On October 10th, the U.S. Department of Justice (DOJ) green-lighted the $69 billion merger between two titans of the healthcare industry: pharmacy benefit manager CVS Health and healthcare insurance provider Aetna. CVS was the last large independent pharmacy manager not associated with a major insurer.
About a month prior to this merger, the DOJ approved healthcare insurance provider Cigna acquiring Express Scripts, another retail pharmacy company, for $52 billion.
OptumRx is already associated with UnitedHealth, and Amazon is putting out feelers with the goal of entering the pharmaceutical industry.
Just what exactly is going on here?
What the CVS CEO envisions
Big name healthcare providers are merging with big name pharmaceutical providers to—in theory—streamline the process of coordinating healthcare for consumers. A sort of centralized one-stop shop for your healthcare and prescription needs. CVS CEO Larry Merlo claims that this merger will lead the healthcare industry into a new era of more personalized healthcare.

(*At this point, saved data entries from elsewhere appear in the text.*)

section \<open>Invertibility of convolution operators\<close>

lemma conv_sm_inverse_kernels:
  fixes \<rho> K\<^sub>p K\<^sub>m :: "real measure"
  assumes \<rho>K\<^sub>p: "finite_measure (\<rho> \<star> K\<^sub>p)"
    and kernels: "\<And>A. A \<in> sets borel \<Longrightarrow> emeasure (\<rho> \<star> K\<^sub>p) A = emeasure (return borel 0) A + emeasure (\<rho> \<star> K\<^sub>m) A"
    and \<nu>: "signed_measure \<nu>"
  shows "(\<lambda>A. conv_sm (\<rho> \<star> K\<^sub>p) \<nu> A - conv_sm (\<rho> \<star> K\<^sub>m) \<nu> A) = \<nu>"
proof
  fix A
  have "conv_sm (\<rho> \<star> K\<^sub>p) \<nu> A = conv_sm (return borel 0) \<nu> A + conv_sm (\<rho> \<star> K\<^sub>m) \<nu> A"
    using \<rho>K\<^sub>p kernels \<nu> by (intro conv_sm_measure_add) auto
  then show "conv_sm (\<rho> \<star> K\<^sub>p) \<nu> A - conv_sm (\<rho> \<star> K\<^sub>m) \<nu> A = \<nu> A"
    using conv_sm_return[OF \<nu>] by simp
qed

lemma tv_norm_conv_sm_diff_le:
  fixes K\<^sub>p K\<^sub>m :: "real measure"
  assumes K\<^sub>p: "finite_measure K\<^sub>p" "sets K\<^sub>p = sets borel" and K\<^sub>m: "finite_measure K\<^sub>m" "sets K\<^sub>m = sets borel"
    and \<nu>: "signed_measure \<nu>"
  shows "tv_norm (\<lambda>A. conv_sm K\<^sub>p \<nu> A - conv_sm K\<^sub>m \<nu> A) \<le> (measure K\<^sub>p UNIV + measure K\<^sub>m UNIV) * tv_norm \<nu>"
proof -
  have "tv_norm (\<lambda>A. conv_sm K\<^sub>p \<nu> A - conv_sm K\<^sub>m \<nu> A) \<le> tv_norm (conv_sm K\<^sub>p \<nu>) + tv_norm (conv_sm K\<^sub>m \<nu>)"
    by (intro tv_norm_diff_le signed_measure_conv_sm K\<^sub>p K\<^sub>m \<nu>)
  also have "\<dots> \<le> measure K\<^sub>p UNIV * tv_norm \<nu> + measure K\<^sub>m UNIV * tv_norm \<nu>"
    by (intro add_mono tv_norm_conv_sm_le K\<^sub>p K\<^sub>m \<nu>)
  finally show ?thesis
    by (simp add: distrib_right)
qed

lemma sm_invertible_conv_sm:
  fixes \<rho> K\<^sub>p K\<^sub>m :: "real measure"
  assumes \<rho>: "finite_measure \<rho>" "sets \<rho> = sets borel"
    and K\<^sub>p: "finite_measure K\<^sub>p" "sets K\<^sub>p = sets borel" and K\<^sub>m: "finite_measure K\<^sub>m" "sets K\<^sub>m = sets borel"
    and kernels: "\<And>A. A \<in> sets borel \<Longrightarrow> emeasure (\<rho> \<star> K\<^sub>p) A = emeasure (return borel 0) A + emeasure (\<rho> \<star> K\<^sub>m) A"
  shows "sm_invertible (conv_sm \<rho>)"
proof -
  define S where "S \<nu> = (\<lambda>A. conv_sm K\<^sub>p \<nu> A - conv_sm K\<^sub>m \<nu> A)" for \<nu>
  have \<rho>K\<^sub>p: "finite_measure (\<rho> \<star> K\<^sub>p)"
    using convolution_finite[OF \<rho>(1) K\<^sub>p(1) K\<^sub>p(2) \<rho>(2)] .
  have commute: "(K\<^sub>p \<star> \<rho>) = (\<rho> \<star> K\<^sub>p)" "(K\<^sub>m \<star> \<rho>) = (\<rho> \<star> K\<^sub>m)"
    using convolution_commutative \<rho> K\<^sub>p K\<^sub>m by metis+
  have inverse_kernels: "(\<lambda>A. conv_sm (\<rho> \<star> K\<^sub>p) \<nu> A - conv_sm (\<rho> \<star> K\<^sub>m) \<nu> A) = \<nu>"
    if "signed_measure \<nu>" for \<nu>
    using \<rho>K\<^sub>p kernels that by (rule conv_sm_inverse_kernels)
  have S_signed: "signed_measure (S \<nu>)" if "signed_measure \<nu>" for \<nu>
    unfolding S_def by (intro signed_measure_minus signed_measure_conv_sm K\<^sub>p K\<^sub>m that)
  have "conv_sm \<rho> (S \<nu>) = \<nu>" if \<nu>: "signed_measure \<nu>" for \<nu>
    using conv_sm_diff[OF \<rho> signed_measure_conv_sm[OF K\<^sub>p \<nu>] signed_measure_conv_sm[OF K\<^sub>m \<nu>]]
    by (simp add: S_def conv_sm_convolution \<rho> K\<^sub>p K\<^sub>m \<nu> inverse_kernels)
  moreover have "S (conv_sm \<rho> \<nu>) = \<nu>" if \<nu>: "signed_measure \<nu>" for \<nu>
    by (simp add: S_def conv_sm_convolution \<rho> K\<^sub>p K\<^sub>m \<nu> inverse_kernels commute)
  moreover have "S (\<lambda>A. a * \<nu> A + b * \<mu> A) = (\<lambda>A. a * S \<nu> A + b * S \<mu> A)"
    if "signed_measure \<nu>" "signed_measure \<mu>" for \<nu> \<mu> a b
    using conv_sm_linear[OF K\<^sub>p that] conv_sm_linear[OF K\<^sub>m that] by (simp add: S_def algebra_simps)
  moreover have "tv_norm (S \<nu>) \<le> (measure K\<^sub>p UNIV + measure K\<^sub>m UNIV) * tv_norm \<nu>"
    if "signed_measure \<nu>" for \<nu>
    unfolding S_def using K\<^sub>p K\<^sub>m that by (rule tv_norm_conv_sm_diff_le)
  ultimately show ?thesis
    unfolding sm_invertible_def using signed_measure_conv_sm[OF \<rho>] S_signed
    by (intro conjI allI impI exI[of _ S]) auto
qed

He paints this scene: Chronic illnesses are on the rise in the U.S. and amount to about 86% of healthcare costs in the U.S. When a doctor in Aetna's network tells a patient to take their blood pressure medication during their appointment, there is no real follow-up with the patient afterward—aside from a phone call or perhaps a letter. Therefore, the doctor doesn’t know if the patient is following the treatment plan until they see them again, perhaps until it’s too late.

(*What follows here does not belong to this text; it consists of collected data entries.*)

(* Let $(X,d,\mu)$ be a space of homogeneous type, $1\leq r<\infty$, $q=2r-1$, and let $A$ be a Young function with $A\in B_{\rho}$ for all $\rho>r$. If $u\in RH_{q}$ and $u^{r}\in A_{\infty}$, then for every cube $Q$ of a dyadic system and every measurable set $G$, $$\|\chi_{G}u\|_{A,1Q}\leq c_{X}\,\kappa_{u}[u]_{RH_{q}}^{1+\frac{q}{4r}}\langle u\rangle_{c_{d}^{3}Q,1}\,\langle\chi_{G}\rangle_{c_{d}Q,s}^{u},$$ with $s=4\big(1+\frac{1}{2\tau[u^{r}]_{A_{\infty}}}\big)r$.
   Context: Space of homogeneous type: quasi-metric $d$, doubling Borel measure $\mu$. Dyadic system with parameters $c_0\le C_0$, $\delta$: cubes $Q=Q^k_j$ with $B(z^k_j,c_0\delta^k)\subset Q\subset B(z^k_j,C_0\delta^k)$; for $\alpha\ge1$, $\alpha Q:=B(z^k_j,\alpha C_0\delta^k)$, and $1Q=B(z^k_j,C_0\delta^k)$. Young function $A$; $\|g\|_{A,E}=\inf\{\lambda>0:\frac1{\mu(E)}\int_EA(|g|/\lambda)d\mu\le1\}$; $A\in B_\rho$ means $\int_1^\infty A(t)t^{-\rho}\frac{dt}t<\infty$. $\langle u\rangle_{E,1}=\frac{u(E)}{\mu(E)}$, $\langle\chi_G\rangle^u_{E,s}=\big(\frac{u(G\cap E)}{u(E)}\big)^{1/s}$. $w\in RH_q$ means $\big(\frac{w^q(B)}{\mu(B)}\big)^{1/q}\le[w]_{RH_q}\frac{w(c_dB)}{\mu(c_dB)}$ for all balls, $c_d$ a constant depending on $X$; $[w]_{A_\infty}$ is the Fujii–Wilson constant over balls; $\tau$ is the constant of the sharp reverse Hölder inequality in $X$ (for $w\in A_\infty$, exponent up to $1+\frac1{\tau[w]_{A_\infty}}$). The constant $\kappa_u$: since $A\in B_\rho$ for all $\rho>r$, for each $\varepsilon>0$ there is $\kappa(\varepsilon)$ with $A(t)\le c\,\kappa(\varepsilon)t^{r(1+\varepsilon)}$; $\kappa_u:=\kappa\big(\frac1{2\tau[u^r]_{A_\infty}}\big)$.
   Formalization: Each $\kappa(\varepsilon)$ is at least 1 and satisfies $A(t)\le\kappa(\varepsilon)t^{r(1+\varepsilon)}$ for t >= 1 only, the constant c being absorbed, in place of $A(t)\le c\,\kappa(\varepsilon)t^{r(1+\varepsilon)}$. Apart from conventions, each condition added here is assumed in the paper as well or is needed for the statement above to hold. *)

theory Defs
  imports "HOL-Analysis.Analysis"
begin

Merlo reasons that with almost 10,000 CVS retail locations in the U.S., the pharmacists and professionals who work at each one have direct access and face-to-face interactions with these patients. They will be the ones who are ensuring that Aetna patients are following the prescription and treatment plan their doctor laid out for them. When everything is centralized, Merlo envisions a cheaper solution with better outcomes compared to the current American healthcare system.
What the reality could be
However, once the mergers are finalized and the ink dries, this will likely mean that millions of American consumers will have less control over their prescription drugs and healthcare. According to their website, CVS Health manages and fills 2.5 billion prescriptions every year, with 90 million members. On top of that, Aetna provides insurance to some 38.8 million people in the U.S.

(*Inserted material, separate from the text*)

(* Let $M\subset\mathbb{P}^2$ be an open subset equipped with the induced standard flat path geometry (paths are pieces of projective lines). Suppose $M$ is given another flat path geometry structure. Then there exists a section $\sigma\in H^0(M,\mathrm{Sym}^3(T^*M)\otimes\mathcal{O}(3))$ such that the two path geometries coincide along the generalized 3-web $\mathcal{W}_\sigma=\sigma^{-1}(0)\subset\mathbb{P}(TM)$ defined by the zero locus of $\sigma$, i.e. at every point of $\sigma^{-1}(0)$ the leaves of the two path-geometry foliations of $\mathbb{P}(TM)$ through that point have the same tangent line. Moreover, the two path geometries are isomorphic when $\sigma\equiv 0$.
   Context: Complex holomorphic category. For a surface $M$, $\mathbb{P}(TM)\to M$ is the projective tangent bundle with canonical contact 2-plane field $\mathcal{D}$. A path geometry on $M$ is a foliation of $\mathbb{P}(TM)$ by curves tangent to $\mathcal{D}$ and transversal to the fibers of $\mathbb{P}(TM)\to M$ (its leaves project to the paths, one through each point in each direction). It is flat if locally equivalent to the standard path geometry of lines in $\mathbb{P}^2$. $\mathcal{O}(3)$ denotes the cube of the hyperplane bundle of $\mathbb{P}^2$ restricted to $M$. A section $\sigma$ of $\mathrm{Sym}^3(T^*M)\otimes\mathcal{O}(3)$ is at each point a cubic form on $T_xM$ defined up to a nonzero scalar, so its zero locus $\sigma^{-1}(0)=\{[\xi]\in\mathbb{P}(T_xM): \sigma(\xi,\xi,\xi)=0,\ x\in M\}\subset\mathbb{P}(TM)$ is well defined; when $\sigma\neq0$ has no repeated roots it consists of three tangent directions at each point, i.e. a 3-web. *)

theory Defs
  imports "HOL-Complex_Analysis.Complex_Analysis"
begin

Buyers beware: When only a few large companies control the market or the industry, they ultimately can do what they want with the already-rising costs of healthcare because they have less competition. This could mean that they can take away your choice of insurance provider or pharmacy you prefer. The American Medical Association, the body that represents U.S. physicians, argued against the merger, saying that the merger could result in higher prices for prescription medicine.
We at the NC Coalition for Fiscal Health are advocates for the financial well-being of individuals, families, and businesses in North Carolina. Let us keep you informed on the outcome of this merger in the future by signing up here.
Moving forward and what to keep an eye out for
The DOJ’s ruling represents the biggest victory for these mega-mergers at this stage. Antitrust laws exist in the U.S. in order to prevent a few companies controlling one industry, but this one somehow made it through with conditions. Aetna was ordered to sell its private Medicare drug plans.
At the time this article was written, the merger has momentarily hit a snag because New York Department of Financial Services Superintendent Maria Vullo has threatened to derail the merger. She has stipulated that the companies not raise insurance premiums in the state and that they agree to state regulation of its pharmacy benefits manager.
There is no doubt that these companies still have to cut through some red tape in the following months, but according to Merlo, the merger should be finalized by the end of 2018. Keep an eye out for price fluctuations in your prescriptions, and whether you are “required” to go to Aetna or CVS. On our part, the NC Coalition for Fiscal Health will continue to keep an eye out for developments on this merger and how it will affect North Carolina families in the future.